The first surprise after an agency build usually is not the code. It is ownership.

A founder may have the repository, the invoices, and the hosting account, yet still need one agency engineer to push every release. That means the business depends on a person, not a process. If that person is busy, on vacation, or simply gone, even a small change can sit for days.

Product knowledge is often in worse shape than the infrastructure. Pricing rules, user roles, edge cases, and quiet workarounds tend to live in chat threads, calls, voice notes, and old task comments. The app behaves a certain way for a reason, but nobody wrote the reason down. A new engineer can see what the system does. They usually cannot see why.

That gap makes easy work feel slow. A founder asks for a text change or a billing tweak. It sounds simple, but the engineer has to trace hidden logic, ask the agency what happens in production, and wait for someone else to deploy. A task that should take 20 minutes turns into two days of messages.

Nobody set out to create that mess. Agencies often focus on shipping features fast, and many founders are not in a position to demand cleaner docs, safer deploys, or shared product notes. The result is the same: the company owns an app, but not the ability to change it with confidence.

What the first hire should own

The first job is not a new feature. It is control.

For most companies, the first technical hire needs to take over three things right away: access, deployments, and a plain language map of what the product actually does.

Start with a full inventory. Gather every code repo, hosting account, DNS provider, database, storage bucket, email tool, analytics account, app store listing, payment account, and error tracker.

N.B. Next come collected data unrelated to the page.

lemma MPH_extending_True_and_dualg_False:
  fixes x :: "'a::orthocomplemented_lattice \<Rightarrow> bool option"
  assumes x: "partial_hom x"
  obtains z where "MPH z" "\<And>a. x a = Some True \<Longrightarrow> z a = Some True"
    "\<And>a. dualg x a = Some False \<Longrightarrow> z a = Some False"
proof -
  have x_bot: "x bot = Some False" and x_top: "x top = Some True"
    using x unfolding partial_hom_def by blast+
  have x_inf: "x (inf a b) = Some True" if "x a = Some True" "x b = Some True" for a b
  proof -
    have "a \<in> dom x" "b \<in> dom x" using that by blast+
    then have "x (inf a b) = Some (the (x a) \<and> the (x b))"
      using x unfolding partial_hom_def by blast
    with that show ?thesis by simp
  qed
  define F where "F = {c. \<exists>a. x a = Some True \<and> a \<le> c}"
  define I where "I = {c. \<exists>a. x a = Some True \<and> c \<le> - a}"
  have disjoint: "F \<inter> I = {}"
  proof (intro equals0I)
    fix c assume "c \<in> F \<inter> I"
    then obtain a1 a2 where a: "x a1 = Some True" "a1 \<le> c" "x a2 = Some True" "c \<le> - a2"
      unfolding F_def I_def by blast
    then have "inf a1 a2 \<le> inf (- a2) a2" by (meson inf_mono order_trans order_refl)
    then have "inf a1 a2 = bot" by (simp add: inf_commute bot_unique)
    with x_inf[OF a(1) a(3)] x_bot show False by simp
  qed
  let ?h = "\<lambda>c. if c \<in> F then Some True else if c \<in> I then Some False else None"
  have "partial_hom ?h"
  proof (rule partial_hom_filter_ideal)
    show "top \<in> F" "bot \<in> I"
      using x_top unfolding F_def I_def by auto
    show "b \<in> F" if "a \<in> F" "a \<le> b" for a b
      using that unfolding F_def by (blast intro: order_trans)
    show "a \<in> I" if "b \<in> I" "a \<le> b" for a b
      using that unfolding I_def by (blast intro: order_trans)
    show "inf b c \<in> F" if "b \<in> F" "c \<in> F" for b c
      using that x_inf unfolding F_def by (blast intro: inf_mono)
    show "sup b c \<in> I" if bc: "b \<in> I" "c \<in> I" for b c
    proof -
      obtain a1 a2 where "x a1 = Some True" "b \<le> - a1" "x a2 = Some True" "c \<le> - a2"
        using bc unfolding I_def by blast
      moreover from this have "sup b c \<le> - inf a1 a2" by (simp add: le_supI1 le_supI2)
      ultimately show ?thesis using x_inf unfolding I_def by blast
    qed
  qed (fact disjoint)
  then obtain z where z: "MPH z" "?h \<subseteq>\<^sub>m z" by (rule partial_hom_extends_to_MPH)
  show ?thesis
  proof (rule that[OF z(1)])
    fix a assume "x a = Some True"
    then have "a \<in> F" unfolding F_def by blast
    then show "z a = Some True" by (intro map_le_SomeD[OF z(2)]) simp
  next
    fix a assume "dualg x a = Some False"
    then have "x (- a) = Some True" by (simp add: dualg_eq_Some_iff)
    then have "a \<in> I" unfolding I_def by (auto intro!: exI[of _ "- a"])
    moreover from this have "a \<notin> F" using disjoint unfolding disjoint_iff by blast
    ultimately show "z a = Some False" by (intro map_le_SomeD[OF z(2)]) simp
  qed
qed

lemma succE_subset_if_True_preserved:
  assumes "\<And>a. x a = Some True \<Longrightarrow> z a = Some True"
  shows "succE z \<subseteq> succE x"
  using assms unfolding succE_def dualE_iff by blast

lemma predE_subset_if_False_preserved:
  assumes "\<And>a. y a = Some False \<Longrightarrow> z a = Some False"
  shows "predE z \<subseteq> predE y"
  using assms unfolding predE_def dualE_iff by blast

theorem theorem4p5:
  fixes x y :: "'a::orthocomplemented_lattice \<Rightarrow> bool option"
  assumes "x \<in> PL" and "y \<in> PL"
  shows "dualg (dualg x) = x \<and>
         (succE x \<subseteq> succE y \<longrightarrow> predE (dualg x) \<subseteq> predE (dualg y)) \<and>
         (predE x \<subseteq> predE y \<longrightarrow> succE (dualg x) \<subseteq> succE (dualg y)) \<and>
         (\<exists>z\<in>PL. succE z \<subseteq> succE x \<and> predE z \<subseteq> predE (dualg x))"
proof (intro conjI impI)
  show "dualg (dualg x) = x" by simp
  show "predE (dualg x) \<subseteq> predE (dualg y)" if "succE x \<subseteq> succE y"
    using that by (simp add: predE_dualg image_mono)
  show "succE (dualg x) \<subseteq> succE (dualg y)" if "predE x \<subseteq> predE y"
    using that by (simp add: succE_dualg image_mono)
  have "partial_hom x" using assms(1) unfolding PL_def MPH_def by blast
  then obtain z where z: "MPH z" "\<And>a. x a = Some True \<Longrightarrow> z a = Some True"
    "\<And>a. dualg x a = Some False \<Longrightarrow> z a = Some False"
    by (rule MPH_extending_True_and_dualg_False) blast
  show "\<exists>z\<in>PL. succE z \<subseteq> succE x \<and> predE z \<subseteq> predE (dualg x)"
  proof (intro bexI conjI)
    show "z \<in> PL" using z(1) by (simp add: PL_def)
    show "succE z \<subseteq> succE x" using z(2) by (rule succE_subset_if_True_preserved)
    show "predE z \<subseteq> predE (dualg x)" using z(3) by (rule predE_subset_if_False_preserved)
  qed
qed

end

Put the owner, login method, billing contact, and recovery method in one shared document.

Four questions reveal most of the risk:

• Who owns the domain, DNS, cloud account, and production database?
• Which repo and branch deploy to production?
• Where do secrets live, and who can rotate them?
• Can the team restore the app from backup today?

If a former vendor still controls the domain or the root cloud account, fix that first. A founder should never need permission from an outside team to ship, roll back, or pay an invoice.

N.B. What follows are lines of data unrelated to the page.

lemma integral_escort_affine:
  assumes g: "\<forall>x\<in>space m. g x = c + v \<bullet> T x"
  shows "integrable m (\<lambda>x. restr \<pi> S x powr \<alpha> * g x)"
    and "integrable m (\<lambda>x. qdens m T l \<theta>s x powr \<alpha> * g x)"
    and "(\<integral>x. restr \<pi> S x powr \<alpha> * g x \<partial>m) = escort_ratio * (\<integral>x. qdens m T l \<theta>s x powr \<alpha> * g x \<partial>m)"
proof -
  note pi = integral_mult_affine_inner[OF integrable_escort_pi integrable_escort_pi_T, of c v]
  note qs = integral_mult_affine_inner[OF integrable_escort_qs integrable_escort_qs_T, of c v]
  show "integrable m (\<lambda>x. restr \<pi> S x powr \<alpha> * g x)" "integrable m (\<lambda>x. qdens m T l \<theta>s x powr \<alpha> * g x)"
    using pi(1) qs(1) g by (simp_all cong: Bochner_Integration.integrable_cong)
  have "(\<integral>x. restr \<pi> S x powr \<alpha> * g x \<partial>m) = (\<integral>x. restr \<pi> S x powr \<alpha> * (c + v \<bullet> T x) \<partial>m)"
    using g by (intro Bochner_Integration.integral_cong) auto
  also have "\<dots> = c * (\<integral>x. restr \<pi> S x powr \<alpha> \<partial>m) + v \<bullet> (\<integral>x. restr \<pi> S x powr \<alpha> *\<^sub>R T x \<partial>m)"
    by (rule pi(2))
  also have "\<dots> = escort_ratio * (c * (\<integral>x. qdens m T l \<theta>s x powr \<alpha> \<partial>m)
      + v \<bullet> (\<integral>x. qdens m T l \<theta>s x powr \<alpha> *\<^sub>R T x \<partial>m))"
    by (simp add: escort_mass_proportional escort_moment_proportional algebra_simps)
  also have "c * (\<integral>x. qdens m T l \<theta>s x powr \<alpha> \<partial>m) + v \<bullet> (\<integral>x. qdens m T l \<theta>s x powr \<alpha> *\<^sub>R T x \<partial>m)
      = (\<integral>x. qdens m T l \<theta>s x powr \<alpha> * (c + v \<bullet> T x) \<partial>m)"
    by (rule qs(2)[symmetric])
  also have "(\<integral>x. qdens m T l \<theta>s x powr \<alpha> * (c + v \<bullet> T x) \<partial>m) = (\<integral>x. qdens m T l \<theta>s x powr \<alpha> * g x \<partial>m)"
    using g by (intro Bochner_Integration.integral_cong) auto
  finally show "(\<integral>x. restr \<pi> S x powr \<alpha> * g x \<partial>m) = escort_ratio * (\<integral>x. qdens m T l \<theta>s x powr \<alpha> * g x \<partial>m)" .
qed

Then write down the app's main jobs in simple words. Skip the architecture diagram for now. Describe the flows that keep the business alive: how users sign up, how they pay, what emails go out, which admin actions matter, what runs on a schedule, and what sends support into panic when it fails.

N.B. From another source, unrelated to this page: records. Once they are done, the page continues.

definition KL_avg :: "nat set \<Rightarrow> nat set \<Rightarrow> nat pmf \<Rightarrow> (nat \<Rightarrow> nat \<Rightarrow> real)
    \<Rightarrow> (nat \<Rightarrow> nat \<Rightarrow> real) \<Rightarrow> real" where
  "KL_avg X Y \<rho> p q = (\<Sum>x\<in>X. pmf \<rho> x * KL_cond Y (p x) (q x))"

definition poi_pos :: "real \<Rightarrow> nat \<Rightarrow> real" where
  "poi_pos m k = (if k = 0 then 0
      else exp (- m) * m ^ k / fact k / (1 - exp (- m)))"

end

theory Submission
  imports Defs
begin

text \<open>
Fix a prompt, let g be the generator distribution and \<phi> the exponentiated score, with
a \<le> \<phi> \<le> b and mean \<mu> = E \<phi>, so that the tilted target is g \<phi> / \<mu>. Splitting the SMC output
according to which particle is selected gives q(y) = g(y) \<phi>(y) \<Sum>_i E[1 / (\<phi>(y) + S_i)], where
S_i is the sum of \<phi> over the other N - 1 particles. Expanding 1 / D to second order around
N \<mu>, the linear term has mean zero and the quadratic one is controlled by the variance of \<phi>,
which is at most b \<mu>. Hence for N \<ge> b/a the ratio q / \<pi>* is 1 + O((b/a) / N) uniformly, and
the KL divergence, being at most the \<chi>^2 divergence, is O((b/a)^2 / N^2); for every N the
crude bound q \<le> (b/a) \<pi>* gives KL \<le> ln (b/a). Averaging over N ~ Poi(n) conditioned to be
positive, the terms with N \<ge> n/2 contribute O((ln n)^2 (b/a)^2 / n^2), and by a Chernoff bound
the lower tail N < n/2 has probability at most exp(-n/10) = O(1 / n^2).
\<close>

section \<open>Expectations under i.i.d. sampling\<close>

lemma sum_if_eq_notin:
  "i \<notin> I \<Longrightarrow> (\<Sum>j\<in>I. h (if j = i then y else ys j)) = (\<Sum>j\<in>I. h (ys j))"
  by (intro sum.cong) auto

locale prob_weights =
  fixes Y :: "'a set" and g :: "'a \<Rightarrow> real"
  assumes finite_support: "finite Y"
    and weight_nonneg: "y \<in> Y \<Longrightarrow> 0 \<le> g y"
    and sum_weights: "(\<Sum>y\<in>Y. g y) = 1"
begin

lemma support_nonempty: "Y \<noteq> {}"
  using sum_weights by auto

definition iid_expect :: "'i set \<Rightarrow> (('i \<Rightarrow> 'a) \<Rightarrow> real) \<Rightarrow> real" where
  "iid_expect I F = (\<Sum>ys\<in>PiE I (\<lambda>_. Y). (\<Prod>i\<in>I. g (ys i)) * F ys)"

lemma iid_expect_empty: "iid_expect {} F = F (\<lambda>_. undefined)"
  by (simp add: iid_expect_def)

lemma iid_expect_insert:
  assumes "finite I" "i \<notin> I"
  shows "iid_expect (insert i I) F = (\<Sum>y\<in>Y. g y * iid_expect I (\<lambda>ys. F (ys(i := y))))"
proof -
  have "(\<Prod>j\<in>I. g (if j = i then y else ys j)) = (\<Prod>j\<in>I. g (ys j))" for ys y
    using assms(2) by (intro prod.cong) auto
  then have prod_upd: "(\<Prod>j\<in>insert i I. g (if j = i then y else ys j)) = g y * (\<Prod>j\<in>I. g (ys j))"
    for ys y
    using assms by simp
  have "iid_expect (insert i I) F =
      (\<Sum>(y, ys)\<in>Y \<times> PiE I (\<lambda>_. Y). (\<Prod>j\<in>insert i I. g ((ys(i := y)) j)) * F (ys(i := y)))"
    unfolding iid_expect_def PiE_insert_eq
    by (subst sum.reindex[OF inj_combinator[OF assms(2)]]) (simp add: case_prod_beta)
  also have "\<dots> = (\<Sum>y\<in>Y. g y * iid_expect I (\<lambda>ys. F (ys(i := y))))"
    by (simp add: sum.cartesian_product[symmetric] prod_upd iid_expect_def sum_distrib_left
        mult.assoc)
  finally show ?thesis .
qed

lemma iid_expect_add: "iid_expect I (\<lambda>ys. F ys + G ys) = iid_expect I F + iid_expect I G"
  by (simp add: iid_expect_def algebra_simps sum.distrib)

Set one clear goal for the first month: the company can deploy safely without the agency, recover from a common failure, and explain the product without guessing. That beats a rushed rewrite every time.

Start with access, backups, and risks

Before anyone changes code, the company needs control of the basics. If the agency still owns the cloud account, release pipeline, or email system, you do not fully own the product.

The first few days should look boring. That is fine. This is the work that stops a small surprise from turning into downtime, a billing problem, or a locked account.

Move passwords, tokens, and admin logins into a shared vault the company controls. Include source control, cloud hosting, domains, DNS, databases, storage, CI, and third party tools. Use named accounts where possible. Write down any access that is missing and who needs to fix it.

A quick review usually exposes the weak spots: production hosting, DNS, the code repository, the deploy path, database access, backups, app store accounts, email delivery, payment systems, logs, and alerts. Founders often underestimate app store and billing access until something goes wrong. If one agency employee owns Apple, Google, Stripe, or the mail sender account, fix that early.

Take fresh backups before you clean up infrastructure, update packages, or remove old servers. Export the database, copy uploaded files, and save config details that would be painful to rebuild by hand. Then test one restore in a safe environment. A backup only matters if it restores.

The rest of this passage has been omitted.